I was on the lookout for alligators all the way up the river, but could never see one. A deck passenger declared that a small specimen slipped off a log into the water one day when nobody else was looking; but his companions supposed he might be mistaken, as alligators are now rarely seen in this region. Terrapins were very numerous, sometimes sunning themselves on floating logs, and sometimes swimming, with only their pert little heads visible above water. Wood-pigeons might be seen flitting in the forest when we were so close under the banks as to pry into the shades, and the beautiful blue jay often gleamed before our eyes. No object was more striking than the canoes which we frequently saw, looking fearfully light and frail amid the strong current. The rower used a spoon-shaped paddle, and advanced with amazing swiftness; sometimes crossing before our bows, sometimes darting along under the bank, sometimes shooting across a track of moonlight. Very often there was only one person in the canoe, as in the instance I have elsewhere mentioned[1] of a woman who was supposed to be going on a visit twenty or thirty miles up the stream. I could hardly have conceived of a solitude so intense as this appeared to me, the being alone on that rushing sea of waters, shut in by untrodden forests; the slow fishhawk wheeling overhead, and perilous masses of driftwood whirling down the current; trunks obviously uprooted by the forces of nature, and not laid low by the hand of man. What a spectacle must our boat, with its gay crowds, have appeared to such a solitary! what a revelation that there was a busy world still stirring somewhere; a fact which, I think, I should soon discredit if I lived in the depths of this wilderness, for life would become tolerable there only by the spirit growing into harmony with the scene, wild and solemn as the objects around it.
[Footnote 1: Society in America, vol. ii., p. 101.]

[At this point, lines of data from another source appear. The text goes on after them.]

lemma norm_add_bidual_tensor_ge:
  fixes a :: "nat \<Rightarrow> 'a::real_normed_vector" and b :: "nat \<Rightarrow> 'b::real_normed_vector"
  assumes seq: "octahedral_sequence (\<lambda>m. ptensor (a m) (b m)) A"
    and A: "\<And>m. A m \<subseteq> ptensor_space" and a: "\<And>m. norm (a m) \<le> 1"
    and r: "strict_mono r" and b_lim: "(b \<circ> r) \<longlonglongrightarrow> y"
    and u: "\<And>g c. eventually (\<lambda>k. c \<le> blinfun_apply g (a (r k))) sequentially \<Longrightarrow>
                   c \<le> blinfun_apply u g"
    and z: "z \<in> span (A n)"
  shows "norm z + 1 \<le> norm (z + bidual_tensor u y)"
proof (rule field_le_epsilon)
  fix \<epsilon> :: real assume "\<epsilon> > 0"
  define \<delta> where "\<delta> = \<epsilon> / 3"
  have "\<delta> > 0" using \<open>\<epsilon> > 0\<close> by (simp add: \<delta>_def)
  interpret octahedral_sequence "\<lambda>m. ptensor (a m) (b m)" A by (rule seq)
  obtain G where G: "norm G \<le> 1" "norm z - \<delta> \<le> blinfun_apply G z"
    "eventually (\<lambda>m. 1 - \<delta> \<le> blinfun_apply G (ptensor (a m) (b m))) sequentially"
    using tail_norming_functional[OF z \<open>\<delta> > 0\<close>] by blast
  obtain T where T: "norm T \<le> 1" "\<And>v. v \<in> ptensor_space \<Longrightarrow> blinfun_apply v T = blinfun_apply G v"
    using ptensor_blinfun_representation[OF G(1)] by blast
  have "z \<in> ptensor_space"
    using z span_minimal[OF A subspace_ptensor_space] by blast
  then have z_T: "norm z - \<delta> \<le> blinfun_apply z T"
    using G(2) T(2) by simp
  have "eventually (\<lambda>k. 1 - \<delta> \<le> blinfun_apply (blinfun_apply T (a (r k))) (b (r k))) sequentially"
    using eventually_compose_filterlim[OF G(3) filterlim_subseq[OF r]]
    by eventually_elim (use T(2)[OF ptensor_mem_ptensor_space] in simp)
  moreover have "eventually (\<lambda>k. norm (b (r k) - y) < \<delta>) sequentially"
    using LIMSEQ_D[OF b_lim \<open>\<delta> > 0\<close>] unfolding eventually_sequentially by simp
  ultimately have "eventually (\<lambda>k. 1 - \<delta> \<le> blinfun_apply (blinfun_apply T (a (r k))) (b (r k))
                      \<and> norm (b (r k) - y) < \<delta>) sequentially"
    by (rule eventually_conj)
  then have "eventually (\<lambda>k. 1 - 2 * \<delta> \<le> blinfun_apply (partial_eval T y) (a (r k))) sequentially"
  proof (rule eventually_mono)
    fix k
    assume k: "1 - \<delta> \<le> blinfun_apply (blinfun_apply T (a (r k))) (b (r k)) \<and> norm (b (r k) - y) < \<delta>"
    have "norm (blinfun_apply (blinfun_apply T (a (r k))) (b (r k) - y))
            \<le> norm T * norm (a (r k)) * norm (b (r k) - y)"
      by (rule norm_blinfun_apply2_le)
    also have "\<dots> \<le> norm (b (r k) - y)"
      using T(1) a[of "r k"] by (simp add: mult_left_le_one_le mult_le_one)
    finally show "1 - 2 * \<delta> \<le> blinfun_apply (partial_eval T y) (a (r k))"
      using k by (simp add: blinfun.diff_right abs_le_iff)
  qed
  then have "1 - 2 * \<delta> \<le> blinfun_apply (bidual_tensor u y) T"
    using u by simp
  moreover have "blinfun_apply (z + bidual_tensor u y) T \<le> norm (z + bidual_tensor u y)"
    using norm_blinfun[of "z + bidual_tensor u y" T] T(1)
    by (smt (verit) mult_left_le norm_ge_zero real_norm_def)
  ultimately show "norm z + 1 \<le> norm (z + bidual_tensor u y) + \<epsilon>"
    using z_T by (simp add: blinfun.add_left \<delta>_def)
qed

The morning after the storm the landscape looked its wildest. The clouds were drifting away, and a sungleam came out as I was peeping into the forest at the wooding-place. The vines look beautiful on the black trunks of the trees after rain. Scarcely a habitation was to be seen, and it was like being set back to the days of creation, we passed so many islands in every stage of growth. I spent part of the morning with the L.'s, and we were more than once alarmed by a fearful scream, followed by a trampling and scuffling in the neighbouring gallery. It was only some young ladies, with their work and guitar, who were in a state of terror because some green boughs _would_ sweep over when we were close under the bank. They could not be reassured by the gentlemen who waited upon them, nor would they change their seats; so that we were treated with a long series of screams, till the winding of the channel carried us across to the opposite bank.